Where you been, my man? Don't let the trolls bother you, they're on bad dope or something. Sprinkle a little holy water on them and watch the demons come out! Have you ever heard such hateful chatter! :eek:

I think you covered the original question well, though I might ad this, and I discussed it with my wife:

People have a choice to do what is good or evil, God could take away that choice and we would no longer see evil, but on the otherhand there would be no freedom.

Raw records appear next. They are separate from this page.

lemma sum_proper_divisors_prime_power_times_prime_ge:
  fixes f :: "nat \<Rightarrow> nat" and P Q :: nat
  assumes "prime P" "prime Q" "P \<noteq> Q"
  shows "f 1 + (\<Sum>s<\<beta>. f (P ^ Suc s) + f (P ^ s * Q))
         \<le> (\<Sum>e | e dvd P ^ \<beta> * Q \<and> e \<noteq> P ^ \<beta> * Q. f e)"
proof -
  define D1 where "D1 = (\<lambda>s. P ^ Suc s) ` {..<\<beta>}"
  define D2 where "D2 = (\<lambda>s. P ^ s * Q) ` {..<\<beta>}"
  have "P > 1" "Q > 1" using assms prime_gt_1_nat by auto
  have Q_ndvd: "\<not> Q dvd P ^ s" for s
    using assms prime_dvd_power primes_dvd_imp_eq by metis
  have "1 \<notin> D1 \<union> D2"
  proof
    assume "1 \<in> D1 \<union> D2"
    then obtain s where "1 = P ^ Suc s \<or> 1 = P ^ s * Q" unfolding D1_def D2_def by blast
    then show False using \<open>P > 1\<close> \<open>Q > 1\<close> by simp
  qed
  moreover have "D1 \<inter> D2 = {}"
  proof -
    have "P ^ Suc s \<noteq> P ^ t * Q" for s t
      using Q_ndvd by (metis dvd_triv_right)
    then show ?thesis unfolding D1_def D2_def by blast
  qed
  moreover have "inj_on (\<lambda>s. P ^ Suc s) {..<\<beta>}" "inj_on (\<lambda>s. P ^ s * Q) {..<\<beta>}"
    using \<open>P > 1\<close> \<open>Q > 1\<close> by (simp_all add: inj_on_def power_inject_exp del: power_Suc)
  ultimately have "(\<Sum>e \<in> insert 1 (D1 \<union> D2). f e) = f 1 + (\<Sum>s<\<beta>. f (P ^ Suc s) + f (P ^ s * Q))"
    by (simp add: D1_def D2_def sum.union_disjoint sum.reindex sum.distrib del: power_Suc)
  moreover have "insert 1 (D1 \<union> D2) \<subseteq> {e. e dvd P ^ \<beta> * Q \<and> e \<noteq> P ^ \<beta> * Q}"
    unfolding D1_def D2_def
  proof (intro insert_subsetI Un_least image_subsetI CollectI conjI)
    show "1 dvd P ^ \<beta> * Q" "1 \<noteq> P ^ \<beta> * Q" using \<open>Q > 1\<close> by simp_all
  next
    fix s assume "s \<in> {..<\<beta>}"
    then show "P ^ Suc s dvd P ^ \<beta> * Q" "P ^ s * Q dvd P ^ \<beta> * Q"
      using le_imp_power_dvd[of "Suc s" \<beta> P] le_imp_power_dvd[of s \<beta> P] by (simp_all del: power_Suc)
    show "P ^ Suc s \<noteq> P ^ \<beta> * Q"
      using Q_ndvd[of "Suc s"] by (metis dvd_triv_right)
    show "P ^ s * Q \<noteq> P ^ \<beta> * Q"
      using \<open>s \<in> {..<\<beta>}\<close> \<open>P > 1\<close> \<open>Q > 1\<close> by (simp add: power_inject_exp)
  qed
  moreover have "finite {e. e dvd P ^ \<beta> * Q \<and> e \<noteq> P ^ \<beta> * Q}"
    using \<open>P > 1\<close> \<open>Q > 1\<close> by simp
  ultimately show ?thesis by (metis (no_types, lifting) sum_mono2 zero_le)
qed

lemma totient_prime_power_Suc_le:
  assumes "prime p"
  shows "totient (p ^ Suc m) \<le> p * totient (p ^ m)"
proof (cases m)
  case 0 then show ?thesis using assms by (simp add: totient_prime)
next
  case (Suc k)
  then show ?thesis
    using totient_prime_power_Suc[OF assms, of m] totient_prime_power_Suc[OF assms, of k] by simp
qed

lemma sum_totient_prime_powers:
  assumes "prime p" "\<beta> \<le> a"
  shows "(\<Sum>s<\<beta>. totient (p ^ (a - s))) + p ^ (a - \<beta>) = p ^ a"
  using assms(2)
proof (induction \<beta>)
  case (Suc m)
  then have exp: "a - m = Suc (a - Suc m)" by simp
  then have "totient (p ^ (a - m)) = p ^ (a - Suc m) * (p - 1)"
    using totient_prime_power_Suc[OF assms(1)] by simp
  then have "totient (p ^ (a - m)) + p ^ (a - Suc m) = p ^ (a - m)"
    using exp prime_gt_1_nat[OF assms(1)] by (simp add: algebra_simps)
  then show ?case using Suc by simp
qed simp

lemma totient_mult_three_prime_powers:
  fixes P Q R :: nat
  assumes "prime P" "prime Q" "prime R" "P \<noteq> Q" "P \<noteq> R" "Q \<noteq> R"
  shows "totient (P ^ x * Q ^ y * R ^ z) = totient (P ^ x) * totient (Q ^ y) * totient (R ^ z)"
proof -
  have "coprime (P ^ x) (Q ^ y)" "coprime (P ^ x * Q ^ y) (R ^ z)"
    using assms primes_coprime[of P Q] primes_coprime[of P R] primes_coprime[of Q R] by simp_all
  then show ?thesis by (simp add: totient_mult_coprime)
qed

lemma totient_prime_power_times_prime_power:
  fixes Q R b c :: nat
  assumes "prime Q" "prime R" "Q \<noteq> R" "b \<ge> 1" "c \<ge> 1"
  shows "totient (Q ^ b) * totient (R ^ c) = Q ^ (b - 1) * R ^ (c - 1) * totient (Q * R)"
proof -
  have "totient (Q * R) = (Q - 1) * (R - 1)"
    using assms primes_coprime[of Q R] by (simp add: totient_mult_coprime totient_prime)
  then show ?thesis using assms by (simp add: totient_prime_power)
qed

lemma weighted_totient_sum_gt:
  fixes P Q R b c s1 s2 :: nat
  assumes "prime Q" "prime R" "Q \<noteq> R" "b \<ge> 1" "c \<ge> 1"
    and "s2 \<le> P * s1" "s2 > 0"
    and "P * Q * R < (P + Q) * totient (Q * R)"
  shows "s2 * (Q ^ (b - 1) * R ^ c) < (s1 * totient (Q ^ b) + s2 * totient (Q ^ (b - 1))) * totient (R ^ c)"
proof -
  define G where "G = Q ^ (b - 1) * R ^ (c - 1)"
  define U where "U = totient (Q ^ b)"
  define V where "V = totient (Q ^ (b - 1))"
  define T where "T = totient (R ^ c)"
  have "Q > 0" "R > 0" using assms prime_gt_0_nat by auto
  then have "G > 0" by (simp add: G_def)
  have "U \<le> Q * V"
    using totient_prime_power_Suc_le[OF assms(1), of "b - 1"] assms(4) by (simp add: U_def V_def)
  have UT: "U * T = G * totient (Q * R)"
    using totient_prime_power_times_prime_power[OF assms(1-5)] by (simp add: U_def T_def G_def)
  have "R ^ c = R ^ (c - 1) * R" using assms(5) by (cases c) auto
  then have "P * Q * (s2 * (Q ^ (b - 1) * R ^ c)) = s2 * G * (P * Q * R)"
    by (simp add: G_def algebra_simps)
  also have "\<dots> < s2 * G * ((P + Q) * totient (Q * R))"
    using assms(7,8) \<open>G > 0\<close> by simp
  also have "\<dots> = s2 * (P + Q) * (G * totient (Q * R))"
    by (simp add: algebra_simps)
  also have "\<dots> = Q * s2 * (U * T) + P * s2 * U * T"
    unfolding UT[symmetric] by (simp add: algebra_simps)
  also have "\<dots> \<le> Q * (P * s1) * (U * T) + P * s2 * (Q * V) * T"
    using assms(6) \<open>U \<le> Q * V\<close> by (intro add_mono mult_mono) auto
  also have "\<dots> = P * Q * ((s1 * U + s2 * V) * T)"
    by (simp add: algebra_simps)
  finally show ?thesis
    by (simp add: U_def V_def T_def)
qed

"Why would a loving God send people to hell?" has been asked for ages. First of all Hell was not created for people, but for the devil and his angels. God has done everything he can do to keep people out of hell, but they want it their way. He can put up all the road blocks, caution signs, and warnings you could think of but the people just ignore it -- it's just fake they say, sure, sure there is a hell, right Jesus freak, we all just rot in the ground when we die! Wouldn't it be nice if it was so easy and OJ Simpson leaves this world a free man, Adolph Hitler checks out after killing six million jews, yeah live it up while the living's good, there is no price to pay!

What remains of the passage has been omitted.